== Exercise goal ==
Reproduce word for word the lines between those holding "wt \<longleftrightarrow> finite V" and "f = (\<Sum>v\<in>V.", inclusive, and nothing else from the data below.

== Working data ==

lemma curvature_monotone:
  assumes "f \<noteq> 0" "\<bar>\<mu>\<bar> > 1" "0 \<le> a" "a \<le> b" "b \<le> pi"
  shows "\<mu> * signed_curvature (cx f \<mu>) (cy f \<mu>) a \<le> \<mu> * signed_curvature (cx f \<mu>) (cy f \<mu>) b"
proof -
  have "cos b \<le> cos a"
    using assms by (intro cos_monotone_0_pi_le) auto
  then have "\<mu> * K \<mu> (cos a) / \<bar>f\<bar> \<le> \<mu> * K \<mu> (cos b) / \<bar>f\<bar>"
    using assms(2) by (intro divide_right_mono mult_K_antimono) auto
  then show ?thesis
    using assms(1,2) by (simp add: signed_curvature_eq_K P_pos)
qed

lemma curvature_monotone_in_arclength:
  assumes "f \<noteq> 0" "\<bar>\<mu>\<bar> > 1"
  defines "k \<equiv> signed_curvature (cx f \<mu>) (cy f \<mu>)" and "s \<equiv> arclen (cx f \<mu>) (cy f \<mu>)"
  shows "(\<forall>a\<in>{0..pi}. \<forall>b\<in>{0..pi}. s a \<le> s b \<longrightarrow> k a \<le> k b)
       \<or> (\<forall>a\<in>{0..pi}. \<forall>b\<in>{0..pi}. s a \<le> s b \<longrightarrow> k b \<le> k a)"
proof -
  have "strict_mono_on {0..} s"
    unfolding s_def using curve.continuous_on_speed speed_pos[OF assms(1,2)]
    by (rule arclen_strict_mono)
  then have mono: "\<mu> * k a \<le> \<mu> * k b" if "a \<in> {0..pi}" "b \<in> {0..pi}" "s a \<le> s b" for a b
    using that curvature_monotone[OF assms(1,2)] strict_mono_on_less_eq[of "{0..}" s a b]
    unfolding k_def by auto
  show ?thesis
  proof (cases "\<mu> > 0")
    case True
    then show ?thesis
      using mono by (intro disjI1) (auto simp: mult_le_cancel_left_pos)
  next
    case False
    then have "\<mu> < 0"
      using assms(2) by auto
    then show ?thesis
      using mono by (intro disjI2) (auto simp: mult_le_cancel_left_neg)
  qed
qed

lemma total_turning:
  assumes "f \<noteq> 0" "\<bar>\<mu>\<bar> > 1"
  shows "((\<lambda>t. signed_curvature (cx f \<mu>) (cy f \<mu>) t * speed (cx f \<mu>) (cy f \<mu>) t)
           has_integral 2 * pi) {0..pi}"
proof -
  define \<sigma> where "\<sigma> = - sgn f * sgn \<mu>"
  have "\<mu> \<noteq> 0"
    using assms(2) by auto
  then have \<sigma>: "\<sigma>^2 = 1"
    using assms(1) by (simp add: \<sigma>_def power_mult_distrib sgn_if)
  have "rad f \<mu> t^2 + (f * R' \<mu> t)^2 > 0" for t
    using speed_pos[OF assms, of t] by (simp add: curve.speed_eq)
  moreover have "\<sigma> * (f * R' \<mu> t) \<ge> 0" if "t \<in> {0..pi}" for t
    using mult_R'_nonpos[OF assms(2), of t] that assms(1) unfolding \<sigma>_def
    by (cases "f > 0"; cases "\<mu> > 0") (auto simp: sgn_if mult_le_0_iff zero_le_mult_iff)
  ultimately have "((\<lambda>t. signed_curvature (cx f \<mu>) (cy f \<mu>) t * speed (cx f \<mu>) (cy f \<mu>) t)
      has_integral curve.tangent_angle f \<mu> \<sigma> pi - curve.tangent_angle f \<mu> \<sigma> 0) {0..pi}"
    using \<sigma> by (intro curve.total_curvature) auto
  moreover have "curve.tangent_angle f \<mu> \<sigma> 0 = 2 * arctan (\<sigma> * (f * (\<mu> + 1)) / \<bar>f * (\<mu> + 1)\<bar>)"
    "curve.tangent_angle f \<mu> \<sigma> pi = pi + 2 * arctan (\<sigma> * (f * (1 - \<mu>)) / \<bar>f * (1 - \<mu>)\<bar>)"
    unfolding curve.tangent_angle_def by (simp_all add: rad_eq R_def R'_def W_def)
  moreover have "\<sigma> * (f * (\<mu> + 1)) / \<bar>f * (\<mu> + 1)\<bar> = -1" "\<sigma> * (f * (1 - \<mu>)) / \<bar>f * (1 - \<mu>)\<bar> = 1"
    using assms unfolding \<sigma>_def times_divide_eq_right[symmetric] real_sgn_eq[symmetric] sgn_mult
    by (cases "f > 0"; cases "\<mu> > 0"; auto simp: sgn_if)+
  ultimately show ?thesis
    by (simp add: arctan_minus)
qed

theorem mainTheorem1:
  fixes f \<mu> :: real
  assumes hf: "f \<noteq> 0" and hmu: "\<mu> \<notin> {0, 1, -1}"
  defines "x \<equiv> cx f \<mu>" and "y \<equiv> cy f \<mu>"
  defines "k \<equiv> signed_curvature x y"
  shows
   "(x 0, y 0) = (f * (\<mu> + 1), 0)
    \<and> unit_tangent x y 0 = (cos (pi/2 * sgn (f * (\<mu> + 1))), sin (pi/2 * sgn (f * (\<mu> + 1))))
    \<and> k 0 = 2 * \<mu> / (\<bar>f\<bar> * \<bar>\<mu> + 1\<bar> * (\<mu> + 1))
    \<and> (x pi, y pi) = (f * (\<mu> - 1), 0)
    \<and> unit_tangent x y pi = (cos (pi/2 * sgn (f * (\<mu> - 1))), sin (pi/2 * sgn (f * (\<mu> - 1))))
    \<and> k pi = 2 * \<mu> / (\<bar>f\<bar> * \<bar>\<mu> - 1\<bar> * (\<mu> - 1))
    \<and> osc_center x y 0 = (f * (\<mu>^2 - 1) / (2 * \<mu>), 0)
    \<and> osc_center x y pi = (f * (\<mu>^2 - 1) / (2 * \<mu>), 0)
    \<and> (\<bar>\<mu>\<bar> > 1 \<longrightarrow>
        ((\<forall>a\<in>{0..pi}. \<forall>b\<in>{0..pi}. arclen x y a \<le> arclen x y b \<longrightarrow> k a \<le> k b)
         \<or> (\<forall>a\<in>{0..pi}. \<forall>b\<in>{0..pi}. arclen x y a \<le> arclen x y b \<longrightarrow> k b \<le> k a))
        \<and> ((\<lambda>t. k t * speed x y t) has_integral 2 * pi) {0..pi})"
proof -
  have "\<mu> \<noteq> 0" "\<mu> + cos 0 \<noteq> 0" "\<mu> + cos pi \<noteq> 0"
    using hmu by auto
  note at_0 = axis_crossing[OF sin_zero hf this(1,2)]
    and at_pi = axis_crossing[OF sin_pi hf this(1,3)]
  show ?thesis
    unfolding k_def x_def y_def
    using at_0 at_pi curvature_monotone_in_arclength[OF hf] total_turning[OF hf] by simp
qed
--
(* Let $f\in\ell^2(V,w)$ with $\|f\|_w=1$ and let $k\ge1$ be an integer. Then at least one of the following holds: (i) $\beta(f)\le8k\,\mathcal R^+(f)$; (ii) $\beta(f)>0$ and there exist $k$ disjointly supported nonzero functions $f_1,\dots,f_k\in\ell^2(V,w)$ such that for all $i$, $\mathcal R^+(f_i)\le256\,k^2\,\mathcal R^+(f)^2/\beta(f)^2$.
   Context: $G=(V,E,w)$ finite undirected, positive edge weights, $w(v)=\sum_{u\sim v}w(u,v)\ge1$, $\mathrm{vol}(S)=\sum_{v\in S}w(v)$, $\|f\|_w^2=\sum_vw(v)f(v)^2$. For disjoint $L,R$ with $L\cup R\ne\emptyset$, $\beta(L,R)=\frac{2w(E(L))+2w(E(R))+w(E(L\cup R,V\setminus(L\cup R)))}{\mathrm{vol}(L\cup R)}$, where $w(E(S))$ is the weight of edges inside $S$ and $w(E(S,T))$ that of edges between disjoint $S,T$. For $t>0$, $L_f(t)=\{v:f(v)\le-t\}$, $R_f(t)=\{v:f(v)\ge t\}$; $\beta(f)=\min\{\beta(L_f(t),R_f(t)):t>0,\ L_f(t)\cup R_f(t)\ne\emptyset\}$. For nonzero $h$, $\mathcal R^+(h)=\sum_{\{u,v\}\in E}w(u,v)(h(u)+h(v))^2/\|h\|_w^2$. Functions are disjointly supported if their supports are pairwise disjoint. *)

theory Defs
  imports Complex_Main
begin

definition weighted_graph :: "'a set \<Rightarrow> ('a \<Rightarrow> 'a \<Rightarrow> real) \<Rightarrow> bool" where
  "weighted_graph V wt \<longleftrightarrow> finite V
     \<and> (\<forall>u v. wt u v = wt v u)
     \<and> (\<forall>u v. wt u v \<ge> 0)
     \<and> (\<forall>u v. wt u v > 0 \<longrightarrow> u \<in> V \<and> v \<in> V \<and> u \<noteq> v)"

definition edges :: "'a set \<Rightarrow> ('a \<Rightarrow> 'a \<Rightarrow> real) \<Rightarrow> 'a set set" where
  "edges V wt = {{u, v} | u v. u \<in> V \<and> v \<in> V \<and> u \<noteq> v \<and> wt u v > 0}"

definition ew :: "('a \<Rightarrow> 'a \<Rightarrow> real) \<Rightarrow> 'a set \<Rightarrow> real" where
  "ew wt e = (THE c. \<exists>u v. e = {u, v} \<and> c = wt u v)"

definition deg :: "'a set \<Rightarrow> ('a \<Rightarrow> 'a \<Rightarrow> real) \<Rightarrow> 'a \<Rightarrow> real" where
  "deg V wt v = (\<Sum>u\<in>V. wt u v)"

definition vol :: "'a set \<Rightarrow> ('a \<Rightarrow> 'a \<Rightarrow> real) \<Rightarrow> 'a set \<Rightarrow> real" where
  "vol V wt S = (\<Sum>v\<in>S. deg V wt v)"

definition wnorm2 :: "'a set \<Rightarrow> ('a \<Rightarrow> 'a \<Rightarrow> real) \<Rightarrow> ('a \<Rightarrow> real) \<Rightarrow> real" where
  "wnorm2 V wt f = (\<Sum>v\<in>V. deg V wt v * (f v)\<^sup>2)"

== Response box ==
  "weighted_graph V wt \<longleftrightarrow> finite V
     \<and> (\<forall>u v. wt u v = wt v u)
     \<and> (\<forall>u v. wt u v \<ge> 0)
     \<and> (\<forall>u v. wt u v > 0 \<longrightarrow> u \<in> V \<and> v \<in> V \<and> u \<noteq> v)"

definition edges :: "'a set \<Rightarrow> ('a \<Rightarrow> 'a \<Rightarrow> real) \<Rightarrow> 'a set set" where
  "edges V wt = {{u, v} | u v. u \<in> V \<and> v \<in> V \<and> u \<noteq> v \<and> wt u v > 0}"

definition ew :: "('a \<Rightarrow> 'a \<Rightarrow> real) \<Rightarrow> 'a set \<Rightarrow> real" where
  "ew wt e = (THE c. \<exists>u v. e = {u, v} \<and> c = wt u v)"

definition deg :: "'a set \<Rightarrow> ('a \<Rightarrow> 'a \<Rightarrow> real) \<Rightarrow> 'a \<Rightarrow> real" where
  "deg V wt v = (\<Sum>u\<in>V. wt u v)"

definition vol :: "'a set \<Rightarrow> ('a \<Rightarrow> 'a \<Rightarrow> real) \<Rightarrow> 'a set \<Rightarrow> real" where
  "vol V wt S = (\<Sum>v\<in>S. deg V wt v)"

definition wnorm2 :: "'a set \<Rightarrow> ('a \<Rightarrow> 'a \<Rightarrow> real) \<Rightarrow> ('a \<Rightarrow> real) \<Rightarrow> real" where
  "wnorm2 V wt f = (\<Sum>v\<in>V. deg V wt v * (f v)\<^sup>2)"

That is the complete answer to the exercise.